**WHAT YOU WILL DO**
The answer must consist of every line in the records that contains the word "auto".

[[ DATA SECTION, beginning ]]

text \<open>Interior insertion path: it never moved past the first row (row 1) of P_0,
  i.e. never crossed into the period P_{-1}.  Cylindrical otherwise.\<close>
definition interior_path :: "(int \<times> int) list \<Rightarrow> bool" where
  "interior_path p = (\<forall>(r, c) \<in> set p. 1 \<le> r)"

definition cylindrical_path :: "(int \<times> int) list \<Rightarrow> bool" where
  "cylindrical_path p = (\<not> interior_path p)"

text \<open>Innovation data: a list of columns (a_i, b_i) of the two-row array.\<close>
definition innovation_data :: "int \<Rightarrow> (nat \<times> int) list \<Rightarrow> bool" where
  "innovation_data N d =
     (sorted (map fst d) \<and> (\<forall>x \<in> set d. 1 \<le> snd x \<and> snd x \<le> N) \<and>
      (\<forall>i. Suc i < length d \<longrightarrow> fst (d ! i) = fst (d ! Suc i) \<longrightarrow> snd (d ! i) \<le> snd (d ! Suc i)))"

end

theory Submission
  imports Defs
begin

text \<open>
  Column insertion into a periodic tableau changes, besides the boxes on its path, only their
  periodic copies, and a copy landing to the right of the current column carries a value smaller
  than the one being inserted there. Hence all searches of an insertion can be made in the
  tableau as it was before the insertion, so an insertion is a path of boxes read off the old
  tableau. From this description one checks that periodicity, contiguity and strict increase of
  the columns are preserved.

  Now insert \<open>w\<^sub>1 < w\<^sub>2\<close> in succession. In every column reached by the second insertion, the
  value it carries exceeds the value written there by the first insertion, so the second
  insertion bumps or appends strictly below the first one. Thus the second path runs strictly
  below the first in every column it visits, and if the first path stays in rows \<open>\<ge> 1\<close>, so does
  the second.
\<close>

type_synonym box_entry = "int \<times> int \<times> int"

lemma not_less_Least_offset:
  fixes P :: "int \<Rightarrow> bool"
  assumes "t \<le> \<rho>" and "\<rho> < t + int (LEAST k. P (t + int k))"
  shows "\<not> P \<rho>"
proof -
  have "nat (\<rho> - t) < (LEAST k. P (t + int k))" using assms by linarith
  then have "\<not> P (t + int (nat (\<rho> - t)))" by (rule not_less_Least)
  with assms(1) show ?thesis by simp
qed

locale cylinder =
  fixes N L :: int
  assumes N_pos: "N \<ge> 1" and shift_pos: "L - N \<ge> 1"
begin

section \<open>Periodic fillings\<close>

lemma shift_sign:
  "0 < m * (L - N) \<longleftrightarrow> 0 < m" "m * (L - N) < 0 \<longleftrightarrow> m < 0" "m * (L - N) = 0 \<longleftrightarrow> m = 0"
  "0 < m * N \<longleftrightarrow> 0 < m" "m * N < 0 \<longleftrightarrow> m < 0"
  using N_pos shift_pos by (auto simp: zero_less_mult_iff mult_less_0_iff)

lemma cyl_top_shift: "cyl_top N L (c - m * (L - N)) = cyl_top N L c + m * N"
proof -
  have "(c - 1 + (- m) * (L - N)) div (L - N) = - m + (c - 1) div (L - N)"
    using shift_pos by (intro div_mult_self1) simp
  then have "(c - m * (L - N) - 1) div (L - N) = (c - 1) div (L - N) - m"
    by (simp add: diff_right_commute)
  then show ?thesis unfolding cyl_top_def by (simp add: right_diff_distrib)
qed

definition periodic :: "cyl_tab \<Rightarrow> bool" where
  "periodic T \<longleftrightarrow>
     (\<forall>r c m. T (r + m * N) (c - m * (L - N)) = map_option (\<lambda>v. v + m * N) (T r c))"

lemma periodicD:
  "periodic T \<Longrightarrow> T (r + m * N) (c - m * (L - N)) = map_option (\<lambda>v. v + m * N) (T r c)"
  unfolding periodic_def by blast

lemma periodic_unshift:
  assumes "periodic T" and "T \<rho> (c - m * (L - N)) = Some x"
  shows "T (\<rho> - m * N) c = Some (x - m * N)"
  using periodicD[OF assms(1), of "\<rho> - m * N" m c] assms(2) by (cases "T (\<rho> - m * N) c") auto

lemma cyl_upd_copy:
  assumes "\<rho> = r + m * N" and "c' = c - m * (L - N)"
  shows "cyl_upd N L T r c w \<rho> c' = Some (w + m * N)"
proof -
  have "(\<rho> - r) div N = m" using assms N_pos by simp
  with assms show ?thesis unfolding cyl_upd_def by auto
qed

lemma cyl_upd_other:
  "\<nexists>m. \<rho> = r + m * N \<and> c' = c - m * (L - N) \<Longrightarrow> cyl_upd N L T r c w \<rho> c' = T \<rho> c'"
  unfolding cyl_upd_def by auto

lemma cyl_upd_not_None: "T \<rho> c' \<noteq> None \<Longrightarrow> cyl_upd N L T r c w \<rho> c' \<noteq> None"
  unfolding cyl_upd_def by auto

lemma periodic_cyl_upd:
  assumes "periodic T"
  shows "periodic (cyl_upd N L T r c w)"
  unfolding periodic_def
proof (intro allI)
  fix \<rho> c' t
  let ?copy = "\<lambda>a b. \<exists>m. a = r + m * N \<and> b = c - m * (L - N)"
  have copy_iff: "?copy (\<rho> + t * N) (c' - t * (L - N)) \<longleftrightarrow> ?copy \<rho> c'"
  proof
    assume "?copy (\<rho> + t * N) (c' - t * (L - N))"
    then obtain m where "\<rho> + t * N = r + m * N" "c' - t * (L - N) = c - m * (L - N)" by blast
    then have "\<rho> = r + (m - t) * N \<and> c' = c - (m - t) * (L - N)" by (simp add: algebra_simps)
    then show "?copy \<rho> c'" by blast
  next
    assume "?copy \<rho> c'"
    then obtain m where "\<rho> = r + m * N" "c' = c - m * (L - N)" by blast
    then have "\<rho> + t * N = r + (m + t) * N \<and> c' - t * (L - N) = c - (m + t) * (L - N)"
      by (simp add: algebra_simps)
    then show "?copy (\<rho> + t * N) (c' - t * (L - N))" by blast
  qed
  show "cyl_upd N L T r c w (\<rho> + t * N) (c' - t * (L - N)) =
        map_option (\<lambda>v. v + t * N) (cyl_upd N L T r c w \<rho> c')"
  proof (cases "?copy \<rho> c'")
    case True
    then obtain m where m: "\<rho> = r + m * N" "c' = c - m * (L - N)" by blast
    then have "cyl_upd N L T r c w (\<rho> + t * N) (c' - t * (L - N)) = Some (w + (m + t) * N)"
      by (intro cyl_upd_copy) (simp_all add: algebra_simps)
    with cyl_upd_copy[OF m] show ?thesis by (simp add: algebra_simps)
  next
    case False
    with copy_iff show ?thesis
      using periodicD[OF assms] cyl_upd_other[of "\<rho> + t * N"] cyl_upd_other[of \<rho>] by simp
  qed
qed

definition columns_contiguous :: "cyl_tab \<Rightarrow> bool" where
  "columns_contiguous T \<longleftrightarrow>
     (\<forall>c r r'. T r c \<noteq> None \<longrightarrow> cyl_top N L c \<le> r' \<longrightarrow> r' \<le> r \<longrightarrow> T r' c \<noteq> None)"

definition columns_strict :: "cyl_tab \<Rightarrow> bool" where
  "columns_strict T \<longleftrightarrow>
     (\<forall>c r r' x y. cyl_top N L c \<le> r \<longrightarrow> r < r' \<longrightarrow> T r c = Some x \<longrightarrow> T r' c = Some y \<longrightarrow> x < y)"

definition cyl_tableau :: "cyl_tab \<Rightarrow> bool" where
  "cyl_tableau T \<longleftrightarrow> periodic T \<and> columns_contiguous T \<and> columns_strict T"

lemma cyl_tableau_empty: "cyl_tableau cyl_empty"
  unfolding cyl_tableau_def periodic_def columns_contiguous_def columns_strict_def cyl_empty_def
  by simp

lemma cyl_tableau_periodic: "cyl_tableau T \<Longrightarrow> periodic T"
  unfolding cyl_tableau_def by simp

lemma cyl_tableau_contiguous:
  "cyl_tableau T \<Longrightarrow> T r c \<noteq> None \<Longrightarrow> cyl_top N L c \<le> r' \<Longrightarrow> r' \<le> r \<Longrightarrow> T r' c \<noteq> None"
  unfolding cyl_tableau_def columns_contiguous_def by blast

lemma cyl_tableau_strict:
  "cyl_tableau T \<Longrightarrow> cyl_top N L c \<le> r \<Longrightarrow> r < r' \<Longrightarrow> T r c = Some x \<Longrightarrow> T r' c = Some y \<Longrightarrow> x < y"
  unfolding cyl_tableau_def columns_strict_def by blast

[[ DATA SECTION, end ]]

**EXERCISE RESULT**
  using N_pos shift_pos by (auto simp: zero_less_mult_iff mult_less_0_iff)
  using periodicD[OF assms(1), of "\<rho> - m * N" m c] assms(2) by (cases "T (\<rho> - m * N) c") auto
  with assms show ?thesis unfolding cyl_upd_def by auto
  unfolding cyl_upd_def by auto
  unfolding cyl_upd_def by auto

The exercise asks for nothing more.